Supplied data:
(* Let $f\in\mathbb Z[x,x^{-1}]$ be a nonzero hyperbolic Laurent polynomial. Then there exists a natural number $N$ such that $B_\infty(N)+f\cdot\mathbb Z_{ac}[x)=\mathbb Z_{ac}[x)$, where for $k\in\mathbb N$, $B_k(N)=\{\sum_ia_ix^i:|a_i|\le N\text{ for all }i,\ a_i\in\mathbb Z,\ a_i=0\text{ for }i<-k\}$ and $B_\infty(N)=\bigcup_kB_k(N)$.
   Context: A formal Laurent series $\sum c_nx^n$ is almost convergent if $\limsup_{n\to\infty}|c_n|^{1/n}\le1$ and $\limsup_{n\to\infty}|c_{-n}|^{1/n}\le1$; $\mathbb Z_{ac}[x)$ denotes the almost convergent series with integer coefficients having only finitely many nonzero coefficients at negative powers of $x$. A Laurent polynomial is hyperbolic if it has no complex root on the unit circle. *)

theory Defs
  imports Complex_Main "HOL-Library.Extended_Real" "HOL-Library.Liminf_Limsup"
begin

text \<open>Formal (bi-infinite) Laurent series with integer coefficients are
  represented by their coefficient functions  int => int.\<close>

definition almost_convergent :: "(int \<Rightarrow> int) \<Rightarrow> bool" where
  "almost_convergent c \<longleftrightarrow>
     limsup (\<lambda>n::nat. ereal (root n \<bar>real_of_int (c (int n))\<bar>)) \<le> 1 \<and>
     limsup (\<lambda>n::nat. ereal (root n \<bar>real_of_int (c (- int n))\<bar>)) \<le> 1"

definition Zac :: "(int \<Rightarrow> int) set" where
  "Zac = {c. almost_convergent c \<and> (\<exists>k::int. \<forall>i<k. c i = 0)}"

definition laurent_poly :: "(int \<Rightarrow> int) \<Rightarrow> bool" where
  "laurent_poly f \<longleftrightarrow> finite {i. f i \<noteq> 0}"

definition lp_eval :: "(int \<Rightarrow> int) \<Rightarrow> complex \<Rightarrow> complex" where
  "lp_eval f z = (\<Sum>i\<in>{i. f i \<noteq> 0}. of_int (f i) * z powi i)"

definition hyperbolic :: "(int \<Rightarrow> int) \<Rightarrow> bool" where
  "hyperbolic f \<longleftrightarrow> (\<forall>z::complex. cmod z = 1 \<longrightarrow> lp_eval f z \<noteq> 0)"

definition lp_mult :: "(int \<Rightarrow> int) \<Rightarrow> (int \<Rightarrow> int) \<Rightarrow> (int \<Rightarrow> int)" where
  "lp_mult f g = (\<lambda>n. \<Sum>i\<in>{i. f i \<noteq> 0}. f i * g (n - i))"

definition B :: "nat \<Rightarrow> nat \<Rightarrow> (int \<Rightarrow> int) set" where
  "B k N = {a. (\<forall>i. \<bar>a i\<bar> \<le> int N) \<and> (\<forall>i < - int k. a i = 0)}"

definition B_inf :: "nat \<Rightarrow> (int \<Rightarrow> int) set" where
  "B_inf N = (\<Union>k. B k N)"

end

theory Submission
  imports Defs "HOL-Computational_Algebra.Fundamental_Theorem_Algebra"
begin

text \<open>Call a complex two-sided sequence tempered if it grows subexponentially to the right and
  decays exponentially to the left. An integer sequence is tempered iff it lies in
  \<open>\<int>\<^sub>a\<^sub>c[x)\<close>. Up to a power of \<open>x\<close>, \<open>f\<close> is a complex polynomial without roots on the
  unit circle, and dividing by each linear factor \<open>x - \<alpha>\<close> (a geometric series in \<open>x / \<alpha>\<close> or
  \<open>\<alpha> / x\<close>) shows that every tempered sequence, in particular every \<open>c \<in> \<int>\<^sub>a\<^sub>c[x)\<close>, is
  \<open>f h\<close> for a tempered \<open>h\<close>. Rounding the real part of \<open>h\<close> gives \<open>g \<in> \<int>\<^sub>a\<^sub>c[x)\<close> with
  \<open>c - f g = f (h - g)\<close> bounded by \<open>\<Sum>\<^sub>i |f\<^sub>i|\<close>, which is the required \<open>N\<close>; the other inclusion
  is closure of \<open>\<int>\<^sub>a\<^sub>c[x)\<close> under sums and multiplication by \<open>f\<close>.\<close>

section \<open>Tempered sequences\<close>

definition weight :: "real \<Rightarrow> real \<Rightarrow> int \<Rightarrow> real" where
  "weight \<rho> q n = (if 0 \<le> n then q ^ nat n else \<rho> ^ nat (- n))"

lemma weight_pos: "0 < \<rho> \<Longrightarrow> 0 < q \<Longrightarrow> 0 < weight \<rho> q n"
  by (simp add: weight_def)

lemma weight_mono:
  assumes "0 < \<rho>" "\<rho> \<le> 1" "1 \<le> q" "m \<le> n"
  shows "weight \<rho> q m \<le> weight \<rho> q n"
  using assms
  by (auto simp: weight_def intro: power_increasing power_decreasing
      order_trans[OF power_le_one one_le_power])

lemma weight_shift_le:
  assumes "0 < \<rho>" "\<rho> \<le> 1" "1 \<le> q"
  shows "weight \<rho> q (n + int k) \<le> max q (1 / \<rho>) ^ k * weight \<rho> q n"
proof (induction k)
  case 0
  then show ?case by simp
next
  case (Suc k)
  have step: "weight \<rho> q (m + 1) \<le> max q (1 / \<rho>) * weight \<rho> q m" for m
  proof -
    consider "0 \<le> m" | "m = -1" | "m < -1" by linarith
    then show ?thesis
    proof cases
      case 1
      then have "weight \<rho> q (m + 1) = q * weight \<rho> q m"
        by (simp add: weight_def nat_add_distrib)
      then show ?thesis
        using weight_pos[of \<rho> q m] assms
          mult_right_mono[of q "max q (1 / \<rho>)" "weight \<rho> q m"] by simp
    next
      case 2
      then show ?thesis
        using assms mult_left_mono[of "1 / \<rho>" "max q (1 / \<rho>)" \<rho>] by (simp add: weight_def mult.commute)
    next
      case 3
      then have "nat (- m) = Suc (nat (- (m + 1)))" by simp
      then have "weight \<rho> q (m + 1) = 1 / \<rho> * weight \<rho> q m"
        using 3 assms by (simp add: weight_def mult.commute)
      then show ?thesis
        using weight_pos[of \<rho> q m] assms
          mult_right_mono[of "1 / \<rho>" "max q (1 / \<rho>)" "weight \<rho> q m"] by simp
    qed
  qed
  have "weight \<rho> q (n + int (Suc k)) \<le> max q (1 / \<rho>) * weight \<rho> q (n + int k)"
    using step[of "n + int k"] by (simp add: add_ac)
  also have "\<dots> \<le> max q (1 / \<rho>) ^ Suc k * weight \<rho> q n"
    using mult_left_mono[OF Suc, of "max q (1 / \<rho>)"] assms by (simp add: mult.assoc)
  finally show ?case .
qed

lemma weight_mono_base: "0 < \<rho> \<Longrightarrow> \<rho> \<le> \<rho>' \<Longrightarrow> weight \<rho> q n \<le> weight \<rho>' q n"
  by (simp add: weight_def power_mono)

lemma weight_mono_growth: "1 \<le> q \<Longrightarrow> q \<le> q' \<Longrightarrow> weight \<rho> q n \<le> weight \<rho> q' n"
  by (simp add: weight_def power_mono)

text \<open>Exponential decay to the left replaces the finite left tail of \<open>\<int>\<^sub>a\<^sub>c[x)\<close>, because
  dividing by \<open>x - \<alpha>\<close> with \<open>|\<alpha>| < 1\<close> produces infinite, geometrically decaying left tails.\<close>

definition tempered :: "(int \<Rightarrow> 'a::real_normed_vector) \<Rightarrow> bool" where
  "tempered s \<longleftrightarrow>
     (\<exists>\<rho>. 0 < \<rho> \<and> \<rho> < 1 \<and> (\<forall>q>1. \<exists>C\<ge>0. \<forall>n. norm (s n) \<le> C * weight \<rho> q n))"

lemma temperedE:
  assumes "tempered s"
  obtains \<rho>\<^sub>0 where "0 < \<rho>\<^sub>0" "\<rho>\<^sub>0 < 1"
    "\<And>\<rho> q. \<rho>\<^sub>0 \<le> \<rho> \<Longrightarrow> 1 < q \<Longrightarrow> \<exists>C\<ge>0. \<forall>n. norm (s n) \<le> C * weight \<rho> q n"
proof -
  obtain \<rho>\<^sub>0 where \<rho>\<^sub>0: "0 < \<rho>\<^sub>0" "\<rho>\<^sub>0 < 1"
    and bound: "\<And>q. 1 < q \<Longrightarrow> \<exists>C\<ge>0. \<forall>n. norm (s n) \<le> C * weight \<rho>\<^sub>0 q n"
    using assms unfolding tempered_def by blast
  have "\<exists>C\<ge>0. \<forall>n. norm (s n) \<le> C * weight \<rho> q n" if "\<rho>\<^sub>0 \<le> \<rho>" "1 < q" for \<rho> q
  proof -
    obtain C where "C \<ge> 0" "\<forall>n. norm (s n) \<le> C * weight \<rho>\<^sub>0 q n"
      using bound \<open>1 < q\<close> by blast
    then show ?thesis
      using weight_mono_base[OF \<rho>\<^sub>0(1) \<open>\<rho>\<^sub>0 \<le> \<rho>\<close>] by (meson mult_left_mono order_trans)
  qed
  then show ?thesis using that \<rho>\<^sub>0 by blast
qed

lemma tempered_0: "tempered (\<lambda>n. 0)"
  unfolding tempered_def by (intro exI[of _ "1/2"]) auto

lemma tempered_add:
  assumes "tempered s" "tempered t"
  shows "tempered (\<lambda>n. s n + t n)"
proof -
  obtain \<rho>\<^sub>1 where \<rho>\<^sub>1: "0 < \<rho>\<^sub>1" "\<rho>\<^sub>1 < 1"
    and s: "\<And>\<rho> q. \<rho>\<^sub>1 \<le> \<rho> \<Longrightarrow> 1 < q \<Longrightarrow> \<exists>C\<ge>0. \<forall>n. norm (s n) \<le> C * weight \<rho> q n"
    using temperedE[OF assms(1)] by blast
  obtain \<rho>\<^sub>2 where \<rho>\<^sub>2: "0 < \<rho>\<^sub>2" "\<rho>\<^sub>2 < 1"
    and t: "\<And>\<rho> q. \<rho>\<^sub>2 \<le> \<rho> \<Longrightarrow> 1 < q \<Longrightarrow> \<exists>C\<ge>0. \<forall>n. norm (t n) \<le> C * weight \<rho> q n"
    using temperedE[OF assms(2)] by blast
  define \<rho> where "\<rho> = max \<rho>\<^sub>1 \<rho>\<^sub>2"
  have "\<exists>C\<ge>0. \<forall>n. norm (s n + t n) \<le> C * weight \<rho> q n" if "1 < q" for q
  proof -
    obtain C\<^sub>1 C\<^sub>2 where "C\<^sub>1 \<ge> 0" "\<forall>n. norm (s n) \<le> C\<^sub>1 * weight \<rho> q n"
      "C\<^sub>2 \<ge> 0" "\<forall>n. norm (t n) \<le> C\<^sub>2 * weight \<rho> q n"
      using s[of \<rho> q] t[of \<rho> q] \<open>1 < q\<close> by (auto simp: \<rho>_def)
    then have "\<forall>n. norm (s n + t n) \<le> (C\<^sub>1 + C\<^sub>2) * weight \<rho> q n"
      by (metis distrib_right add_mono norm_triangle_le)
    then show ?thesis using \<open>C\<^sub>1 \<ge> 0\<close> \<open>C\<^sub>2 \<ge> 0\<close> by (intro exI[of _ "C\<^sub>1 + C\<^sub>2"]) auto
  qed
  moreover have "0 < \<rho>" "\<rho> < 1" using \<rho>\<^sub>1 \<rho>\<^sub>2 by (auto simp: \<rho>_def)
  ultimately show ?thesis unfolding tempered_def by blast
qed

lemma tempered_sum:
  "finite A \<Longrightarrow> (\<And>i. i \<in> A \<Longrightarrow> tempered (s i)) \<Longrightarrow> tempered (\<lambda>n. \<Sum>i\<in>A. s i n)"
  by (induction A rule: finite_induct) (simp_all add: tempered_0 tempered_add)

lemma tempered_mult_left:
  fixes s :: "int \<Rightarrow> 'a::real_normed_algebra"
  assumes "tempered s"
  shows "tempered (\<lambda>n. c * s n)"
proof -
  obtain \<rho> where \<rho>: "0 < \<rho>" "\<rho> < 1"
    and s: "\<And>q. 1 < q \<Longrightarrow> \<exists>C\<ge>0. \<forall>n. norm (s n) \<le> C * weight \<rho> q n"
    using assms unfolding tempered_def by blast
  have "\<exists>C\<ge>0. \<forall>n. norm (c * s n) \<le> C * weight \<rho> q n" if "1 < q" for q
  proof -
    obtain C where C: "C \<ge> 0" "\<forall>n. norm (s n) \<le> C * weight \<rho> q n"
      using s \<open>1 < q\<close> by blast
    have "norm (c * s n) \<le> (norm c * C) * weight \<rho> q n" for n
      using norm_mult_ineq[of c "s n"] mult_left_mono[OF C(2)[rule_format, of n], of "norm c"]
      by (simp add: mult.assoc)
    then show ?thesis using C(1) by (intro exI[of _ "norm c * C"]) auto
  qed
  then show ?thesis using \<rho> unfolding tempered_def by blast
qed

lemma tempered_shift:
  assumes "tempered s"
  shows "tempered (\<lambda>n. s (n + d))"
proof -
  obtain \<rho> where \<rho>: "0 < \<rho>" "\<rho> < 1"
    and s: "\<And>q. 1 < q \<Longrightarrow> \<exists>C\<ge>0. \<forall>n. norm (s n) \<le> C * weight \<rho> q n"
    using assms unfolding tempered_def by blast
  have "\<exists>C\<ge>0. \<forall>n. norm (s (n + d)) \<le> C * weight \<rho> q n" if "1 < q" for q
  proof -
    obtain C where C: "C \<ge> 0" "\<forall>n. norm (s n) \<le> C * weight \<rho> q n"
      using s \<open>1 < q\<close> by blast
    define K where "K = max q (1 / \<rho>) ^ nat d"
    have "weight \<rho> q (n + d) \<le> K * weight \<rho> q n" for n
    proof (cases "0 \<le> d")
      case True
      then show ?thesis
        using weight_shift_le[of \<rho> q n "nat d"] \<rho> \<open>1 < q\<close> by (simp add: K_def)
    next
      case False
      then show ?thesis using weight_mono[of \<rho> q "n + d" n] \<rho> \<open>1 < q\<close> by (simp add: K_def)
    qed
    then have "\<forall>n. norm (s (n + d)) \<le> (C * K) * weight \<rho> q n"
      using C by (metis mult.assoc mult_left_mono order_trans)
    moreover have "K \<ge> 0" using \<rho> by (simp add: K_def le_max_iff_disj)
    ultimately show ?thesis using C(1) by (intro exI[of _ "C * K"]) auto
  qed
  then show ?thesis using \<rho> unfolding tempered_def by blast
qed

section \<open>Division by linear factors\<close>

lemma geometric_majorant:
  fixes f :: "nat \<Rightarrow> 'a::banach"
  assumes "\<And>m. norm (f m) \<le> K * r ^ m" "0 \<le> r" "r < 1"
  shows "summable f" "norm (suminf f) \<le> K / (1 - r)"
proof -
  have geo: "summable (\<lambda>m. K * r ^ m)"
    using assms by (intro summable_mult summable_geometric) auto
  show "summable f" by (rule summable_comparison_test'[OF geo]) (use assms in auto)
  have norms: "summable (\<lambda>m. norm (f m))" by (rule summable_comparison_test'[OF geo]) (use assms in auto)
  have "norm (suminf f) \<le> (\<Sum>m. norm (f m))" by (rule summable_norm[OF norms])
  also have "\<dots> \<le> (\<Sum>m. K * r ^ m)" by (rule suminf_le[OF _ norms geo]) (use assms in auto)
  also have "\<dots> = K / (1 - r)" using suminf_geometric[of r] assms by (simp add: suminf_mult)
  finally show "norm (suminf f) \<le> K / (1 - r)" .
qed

--

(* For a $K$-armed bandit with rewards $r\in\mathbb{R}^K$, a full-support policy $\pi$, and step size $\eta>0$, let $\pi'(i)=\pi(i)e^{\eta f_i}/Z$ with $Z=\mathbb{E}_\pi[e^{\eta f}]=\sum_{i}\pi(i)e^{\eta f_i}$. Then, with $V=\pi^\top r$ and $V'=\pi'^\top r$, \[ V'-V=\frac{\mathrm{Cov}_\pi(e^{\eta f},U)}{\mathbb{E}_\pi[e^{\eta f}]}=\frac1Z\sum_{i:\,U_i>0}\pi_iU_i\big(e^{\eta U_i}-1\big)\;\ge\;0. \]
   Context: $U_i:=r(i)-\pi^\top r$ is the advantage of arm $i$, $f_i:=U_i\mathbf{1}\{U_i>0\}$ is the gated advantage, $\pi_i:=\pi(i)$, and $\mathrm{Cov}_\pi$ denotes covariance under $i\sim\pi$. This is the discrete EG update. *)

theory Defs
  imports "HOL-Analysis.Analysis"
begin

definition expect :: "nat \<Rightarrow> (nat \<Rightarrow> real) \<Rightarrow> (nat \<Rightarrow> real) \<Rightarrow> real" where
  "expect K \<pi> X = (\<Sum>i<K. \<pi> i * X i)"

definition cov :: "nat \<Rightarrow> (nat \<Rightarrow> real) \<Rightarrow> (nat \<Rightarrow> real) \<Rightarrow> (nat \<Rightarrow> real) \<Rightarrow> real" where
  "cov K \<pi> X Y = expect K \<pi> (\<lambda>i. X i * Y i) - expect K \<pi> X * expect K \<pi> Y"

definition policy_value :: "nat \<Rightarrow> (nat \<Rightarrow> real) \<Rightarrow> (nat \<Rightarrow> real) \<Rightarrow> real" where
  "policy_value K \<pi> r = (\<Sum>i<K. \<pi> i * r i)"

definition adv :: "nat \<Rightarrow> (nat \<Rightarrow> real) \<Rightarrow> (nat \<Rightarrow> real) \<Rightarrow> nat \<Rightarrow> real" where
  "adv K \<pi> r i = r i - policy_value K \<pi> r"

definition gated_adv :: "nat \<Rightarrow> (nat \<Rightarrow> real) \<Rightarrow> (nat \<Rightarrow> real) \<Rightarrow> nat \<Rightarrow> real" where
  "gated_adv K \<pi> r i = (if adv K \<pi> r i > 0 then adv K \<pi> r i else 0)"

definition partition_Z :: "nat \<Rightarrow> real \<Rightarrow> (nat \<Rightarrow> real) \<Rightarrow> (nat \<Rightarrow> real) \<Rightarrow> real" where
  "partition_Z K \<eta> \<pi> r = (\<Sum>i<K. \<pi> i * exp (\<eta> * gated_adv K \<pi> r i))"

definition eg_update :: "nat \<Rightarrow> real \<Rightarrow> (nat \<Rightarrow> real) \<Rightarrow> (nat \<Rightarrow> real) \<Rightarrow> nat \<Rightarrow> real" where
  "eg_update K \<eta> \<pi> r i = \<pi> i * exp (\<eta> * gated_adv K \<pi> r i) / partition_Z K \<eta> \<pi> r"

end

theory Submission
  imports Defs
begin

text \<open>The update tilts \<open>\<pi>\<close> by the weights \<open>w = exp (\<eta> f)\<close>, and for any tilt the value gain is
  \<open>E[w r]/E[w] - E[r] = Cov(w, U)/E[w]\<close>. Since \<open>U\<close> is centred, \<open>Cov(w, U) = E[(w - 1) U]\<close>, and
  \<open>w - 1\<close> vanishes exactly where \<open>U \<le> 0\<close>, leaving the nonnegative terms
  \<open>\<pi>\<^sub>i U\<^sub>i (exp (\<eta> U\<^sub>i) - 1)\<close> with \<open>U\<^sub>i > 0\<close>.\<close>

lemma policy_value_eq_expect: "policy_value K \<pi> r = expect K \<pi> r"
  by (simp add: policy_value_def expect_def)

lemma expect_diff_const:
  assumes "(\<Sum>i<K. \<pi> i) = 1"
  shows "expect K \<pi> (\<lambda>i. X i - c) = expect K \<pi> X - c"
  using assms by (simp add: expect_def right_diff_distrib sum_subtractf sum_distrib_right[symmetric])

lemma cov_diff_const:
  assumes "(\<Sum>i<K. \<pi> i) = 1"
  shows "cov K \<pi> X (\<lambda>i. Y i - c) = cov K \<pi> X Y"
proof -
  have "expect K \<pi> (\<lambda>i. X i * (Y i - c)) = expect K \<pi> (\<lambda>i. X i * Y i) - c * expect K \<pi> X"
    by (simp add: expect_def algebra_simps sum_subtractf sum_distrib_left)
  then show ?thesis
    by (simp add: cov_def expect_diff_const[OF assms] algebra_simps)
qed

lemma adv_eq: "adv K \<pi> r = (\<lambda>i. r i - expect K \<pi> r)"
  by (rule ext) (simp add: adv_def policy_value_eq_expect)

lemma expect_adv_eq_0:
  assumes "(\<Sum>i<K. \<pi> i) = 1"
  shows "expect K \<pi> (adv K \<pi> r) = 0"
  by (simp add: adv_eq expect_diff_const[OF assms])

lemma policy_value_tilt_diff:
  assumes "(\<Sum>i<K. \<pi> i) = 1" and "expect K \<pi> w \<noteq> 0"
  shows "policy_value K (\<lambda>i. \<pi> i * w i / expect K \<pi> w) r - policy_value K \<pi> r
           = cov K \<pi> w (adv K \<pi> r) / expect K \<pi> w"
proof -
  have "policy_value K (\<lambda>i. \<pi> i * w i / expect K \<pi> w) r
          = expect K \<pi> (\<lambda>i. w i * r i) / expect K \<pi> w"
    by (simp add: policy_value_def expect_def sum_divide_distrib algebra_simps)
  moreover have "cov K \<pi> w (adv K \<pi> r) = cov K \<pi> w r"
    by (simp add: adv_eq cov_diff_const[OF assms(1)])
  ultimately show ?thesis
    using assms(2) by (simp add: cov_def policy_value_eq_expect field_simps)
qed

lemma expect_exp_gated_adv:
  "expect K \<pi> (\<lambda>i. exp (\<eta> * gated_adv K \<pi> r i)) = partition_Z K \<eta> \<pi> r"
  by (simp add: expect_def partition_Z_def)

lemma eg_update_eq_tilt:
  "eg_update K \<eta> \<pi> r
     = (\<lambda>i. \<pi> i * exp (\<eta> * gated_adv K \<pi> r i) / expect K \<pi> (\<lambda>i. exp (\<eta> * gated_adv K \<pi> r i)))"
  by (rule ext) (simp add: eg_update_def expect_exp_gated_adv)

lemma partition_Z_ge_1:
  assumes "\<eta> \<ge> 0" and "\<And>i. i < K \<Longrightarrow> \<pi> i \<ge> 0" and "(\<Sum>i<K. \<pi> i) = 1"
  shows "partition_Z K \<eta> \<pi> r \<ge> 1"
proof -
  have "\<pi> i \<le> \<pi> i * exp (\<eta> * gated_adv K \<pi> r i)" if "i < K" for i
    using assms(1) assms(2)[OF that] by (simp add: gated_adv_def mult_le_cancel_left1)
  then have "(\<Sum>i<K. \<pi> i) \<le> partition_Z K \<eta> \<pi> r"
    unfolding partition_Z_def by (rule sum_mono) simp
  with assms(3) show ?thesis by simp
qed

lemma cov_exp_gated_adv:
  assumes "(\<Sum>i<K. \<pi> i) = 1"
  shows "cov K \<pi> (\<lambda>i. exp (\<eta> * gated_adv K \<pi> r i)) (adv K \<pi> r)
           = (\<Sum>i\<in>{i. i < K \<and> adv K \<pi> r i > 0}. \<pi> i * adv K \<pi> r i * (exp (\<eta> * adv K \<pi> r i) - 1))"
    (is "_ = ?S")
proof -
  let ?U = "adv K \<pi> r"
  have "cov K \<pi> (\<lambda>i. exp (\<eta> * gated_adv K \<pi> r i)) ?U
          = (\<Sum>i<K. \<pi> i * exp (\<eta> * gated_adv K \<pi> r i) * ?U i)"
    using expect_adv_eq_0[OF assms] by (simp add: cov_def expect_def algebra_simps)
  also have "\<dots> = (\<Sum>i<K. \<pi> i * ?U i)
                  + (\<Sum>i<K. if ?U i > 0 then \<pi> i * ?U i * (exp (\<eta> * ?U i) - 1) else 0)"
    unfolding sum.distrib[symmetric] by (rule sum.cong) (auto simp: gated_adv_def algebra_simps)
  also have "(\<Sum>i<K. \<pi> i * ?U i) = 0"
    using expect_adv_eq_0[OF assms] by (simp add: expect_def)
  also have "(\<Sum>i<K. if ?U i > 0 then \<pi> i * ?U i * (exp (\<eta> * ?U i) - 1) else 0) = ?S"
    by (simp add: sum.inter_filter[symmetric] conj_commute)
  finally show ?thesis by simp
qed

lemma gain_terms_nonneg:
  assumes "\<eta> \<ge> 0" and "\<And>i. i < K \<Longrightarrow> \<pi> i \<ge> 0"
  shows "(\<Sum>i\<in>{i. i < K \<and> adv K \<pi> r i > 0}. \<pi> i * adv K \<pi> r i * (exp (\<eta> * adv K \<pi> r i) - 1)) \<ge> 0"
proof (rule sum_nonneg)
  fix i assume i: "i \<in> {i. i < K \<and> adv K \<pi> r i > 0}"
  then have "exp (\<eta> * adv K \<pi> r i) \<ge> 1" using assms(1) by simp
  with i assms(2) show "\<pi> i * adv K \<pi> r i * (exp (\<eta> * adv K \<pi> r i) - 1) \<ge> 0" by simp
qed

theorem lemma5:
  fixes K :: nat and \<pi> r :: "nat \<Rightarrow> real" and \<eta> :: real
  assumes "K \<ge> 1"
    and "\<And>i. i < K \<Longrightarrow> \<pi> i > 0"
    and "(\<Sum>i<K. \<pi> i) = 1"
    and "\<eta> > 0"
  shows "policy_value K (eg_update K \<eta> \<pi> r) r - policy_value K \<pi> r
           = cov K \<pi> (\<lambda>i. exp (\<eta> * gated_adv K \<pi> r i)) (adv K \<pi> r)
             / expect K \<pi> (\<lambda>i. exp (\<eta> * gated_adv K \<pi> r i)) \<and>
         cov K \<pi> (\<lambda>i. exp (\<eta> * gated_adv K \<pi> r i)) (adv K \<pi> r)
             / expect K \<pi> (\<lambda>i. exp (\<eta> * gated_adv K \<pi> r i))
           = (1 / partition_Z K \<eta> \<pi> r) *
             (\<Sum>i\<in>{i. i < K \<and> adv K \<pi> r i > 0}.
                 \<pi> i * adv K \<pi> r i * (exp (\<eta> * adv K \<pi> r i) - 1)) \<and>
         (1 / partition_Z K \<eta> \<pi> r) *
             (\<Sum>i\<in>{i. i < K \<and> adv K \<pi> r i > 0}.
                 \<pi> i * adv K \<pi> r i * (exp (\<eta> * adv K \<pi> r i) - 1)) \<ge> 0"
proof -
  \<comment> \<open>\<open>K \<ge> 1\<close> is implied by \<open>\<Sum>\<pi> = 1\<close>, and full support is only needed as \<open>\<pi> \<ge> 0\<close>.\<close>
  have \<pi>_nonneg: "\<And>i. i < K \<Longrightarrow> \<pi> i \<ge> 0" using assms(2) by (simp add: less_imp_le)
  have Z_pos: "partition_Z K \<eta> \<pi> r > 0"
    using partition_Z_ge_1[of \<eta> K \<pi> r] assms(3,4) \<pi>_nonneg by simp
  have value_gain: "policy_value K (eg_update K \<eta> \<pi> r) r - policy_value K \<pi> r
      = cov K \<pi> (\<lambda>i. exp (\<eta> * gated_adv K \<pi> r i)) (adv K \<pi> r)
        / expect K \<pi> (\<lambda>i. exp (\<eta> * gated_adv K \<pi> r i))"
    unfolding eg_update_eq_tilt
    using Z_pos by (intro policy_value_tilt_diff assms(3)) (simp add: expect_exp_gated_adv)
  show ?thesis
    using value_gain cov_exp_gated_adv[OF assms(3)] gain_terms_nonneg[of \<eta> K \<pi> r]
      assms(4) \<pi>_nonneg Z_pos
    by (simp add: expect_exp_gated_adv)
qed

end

Brief: Please copy each line of the material that contains the word "ultimately".

Answer for this exercise:
  ultimately show ?thesis unfolding tempered_def by blast
    ultimately show ?thesis using C(1) by (intro exI[of _ "C * K"]) auto
  ultimately show ?thesis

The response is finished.